Homophobic? Um . . . if you think that Colbert's comments were homophobic, then (1) you are ignorant and so blinkered that you should invest in a seeing eye dog immediately, (2) you have a hammer in your head and are searching for nails, and (3) fuck you, asshole. 

For fuck's sake. This political correctness thing is so far out of hand that it makes it pretty obvious why people were driven to embrace an idiot like Trump. It's just sickening.

___________________________________

On the other 
 . . . 

I just talked to my #1, and he politely told me why I was wrong to say "Fuck #FireColbert. Or, more accurately, why I was wrong to say "fuck you, asshole" to people who say "#FireColbert.

And I didn't agree with him, but (1) I love him dearly, (2) he is intelligent & rational and always worth listening to, and (3) I am not a person who thinks he is 100% right about anything. Except maybe Gravity. I 100% believe in Gravity. I think. Better make that 99.6%, come to think of it.

Ahem.

So the essence of #1's "argument" (he wasn't arguing) can be reduced to three postulates:
(1) members of a privileged community do not have the right to use abusive language toward or about people who do not belong to the privileged community;
(2) members of an unprivileged community often have life experiences which are entangled in words that are used derisively, thus the words are much more hurtful than they were, in some cases, intended to be;
and
(3) to react to anger with anger is a no-win situation which can only force a discussion to an unproductive finale in which both sides feel frustrated and upset.
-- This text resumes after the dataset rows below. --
definition partial2 :: "(R2 \<Rightarrow> real) \<Rightarrow> R2 \<Rightarrow> real" where
  "partial2 f p = deriv (\<lambda>s. f (fst p, s)) (snd p)"

text \<open>Iterated partial derivative; True = d/dx, False = d/dy.\<close>
fun dop :: "bool list \<Rightarrow> (R2 \<Rightarrow> real) \<Rightarrow> R2 \<Rightarrow> real" where
  "dop [] f = f"
| "dop (b # bs) f = (if b then partial1 else partial2) (dop bs f)"

definition smooth2 :: "(R2 \<Rightarrow> real) \<Rightarrow> bool" where
  "smooth2 f \<longleftrightarrow> (\<forall>bs. continuous_on UNIV (dop bs f) \<and>
      (\<forall>p. (\<lambda>s. dop bs f (s, snd p)) differentiable (at (fst p)) \<and>
           (\<lambda>s. dop bs f (fst p, s)) differentiable (at (snd p))))"

definition test_fun :: "R2 set \<Rightarrow> (R2 \<Rightarrow> real) \<Rightarrow> bool" where
  "test_fun \<Omega> \<phi> \<longleftrightarrow> smooth2 \<phi> \<and> compact (closure {p. \<phi> p \<noteq> 0}) \<and>
      closure {p. \<phi> p \<noteq> 0} \<subseteq> \<Omega>"

definition L2_on :: "R2 set \<Rightarrow> (R2 \<Rightarrow> real) \<Rightarrow> bool" where
  "L2_on \<Omega> f \<longleftrightarrow> (\<lambda>x. indicator \<Omega> x * f x) \<in> borel_measurable lborel \<and>
      set_integrable lborel \<Omega> (\<lambda>x. (f x)\<^sup>2)"

definition weak_grad :: "R2 set \<Rightarrow> (R2 \<Rightarrow> real) \<Rightarrow> (R2 \<Rightarrow> real) \<Rightarrow> (R2 \<Rightarrow> real) \<Rightarrow> bool" where
  "weak_grad \<Omega> f g1 g2 \<longleftrightarrow>
     (\<forall>\<phi>. test_fun \<Omega> \<phi> \<longrightarrow>
        (LINT x:\<Omega>|lborel. f x * partial1 \<phi> x) = - (LINT x:\<Omega>|lborel. g1 x * \<phi> x) \<and>
        (LINT x:\<Omega>|lborel. f x * partial2 \<phi> x) = - (LINT x:\<Omega>|lborel. g2 x * \<phi> x))"

definition H1_with_grad :: "R2 set \<Rightarrow> (R2 \<Rightarrow> real) \<Rightarrow> (R2 \<Rightarrow> real) \<Rightarrow> (R2 \<Rightarrow> real) \<Rightarrow> bool" where
  "H1_with_grad \<Omega> f g1 g2 \<longleftrightarrow> L2_on \<Omega> f \<and> L2_on \<Omega> g1 \<and> L2_on \<Omega> g2 \<and> weak_grad \<Omega> f g1 g2"

text \<open>An admissible family: functions F i = (f_i, g1_i, g2_i), i = 0..k, in H^1(\<Omega>)
  (with their weak gradients) that are linearly independent as elements of L^2(\<Omega>);
  they span a (k+1)-dimensional subspace of H^1(\<Omega>).\<close>
definition admissible_family :: "R2 set \<Rightarrow> nat \<Rightarrow> (nat \<Rightarrow> (R2 \<Rightarrow> real) \<times> (R2 \<Rightarrow> real) \<times> (R2 \<Rightarrow> real)) \<Rightarrow> bool" where
  "admissible_family \<Omega> k F \<longleftrightarrow>
     (\<forall>i\<le>k. H1_with_grad \<Omega> (fst (F i)) (fst (snd (F i))) (snd (snd (F i)))) \<and>
     (\<forall>c :: nat \<Rightarrow> real. (AE x in lborel. x \<in> \<Omega> \<longrightarrow> (\<Sum>i\<le>k. c i * fst (F i) x) = 0)
          \<longrightarrow> (\<forall>i\<le>k. c i = 0))"

text \<open>Rayleigh quotient of the combination \<Sum> c_i f_i (its weak gradient is \<Sum> c_i grad f_i).\<close>
definition rayleigh :: "R2 set \<Rightarrow> nat \<Rightarrow> (nat \<Rightarrow> (R2 \<Rightarrow> real) \<times> (R2 \<Rightarrow> real) \<times> (R2 \<Rightarrow> real)) \<Rightarrow> (nat \<Rightarrow> real) \<Rightarrow> real" where
  "rayleigh \<Omega> k F c =
     (LINT x:\<Omega>|lborel. (\<Sum>i\<le>k. c i * fst (snd (F i)) x)\<^sup>2 + (\<Sum>i\<le>k. c i * snd (snd (F i)) x)\<^sup>2)
     / (LINT x:\<Omega>|lborel. (\<Sum>i\<le>k. c i * fst (F i) x)\<^sup>2)"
I don't want to pick apart these postulates, though I think there are a few air holes here and there. I do want to append this to my previous (above the red line) comments, though:


I think that people who are calling for Colbert to be fired because he made a joke that they found offensive are being wildly irrational. We can't afford to live in a nation where everyone has to measure every word before it's spoken or fear heavy reprisals (loss of vocation, for instance). However . . . people who were offended because Colbert made reference to Trump's mouth being Putin's cockholster because they saw that as being a slight against homosexuality . . . I am sorry that you have been mistreated because of your sexual orientation. That is something that I find repugnant, and I would never engage in or condone that kind of behavior. I currently have few homosexual friends (and no besties), but throughout my almost 6 decades of existence I have had friends of various sexual preferences, and I have zero problem with anything of that ilk (my two rules being "as long as you don't do it in the street and scare the horses" & "consenting adults only"). I also try to avoid saying things that will hurt someone else's feelings--even when those people act like complete assholes (like several of my Xs). I do not like hurting people. So if you were hurt by Colbert's comments or my support for what he had to say, my apologies.

I do think that it's clear that Colbert was not intending to hurt anyone other than Trump, however. And I think that that should be taken into consideration. And that instead of clamoring for Colbert to be fired, it would make more sense to tell him why you were offended by what he said, what it meant to you, allathat. I don't think that a demand for rationality should be one-sided, after all.

Peace out.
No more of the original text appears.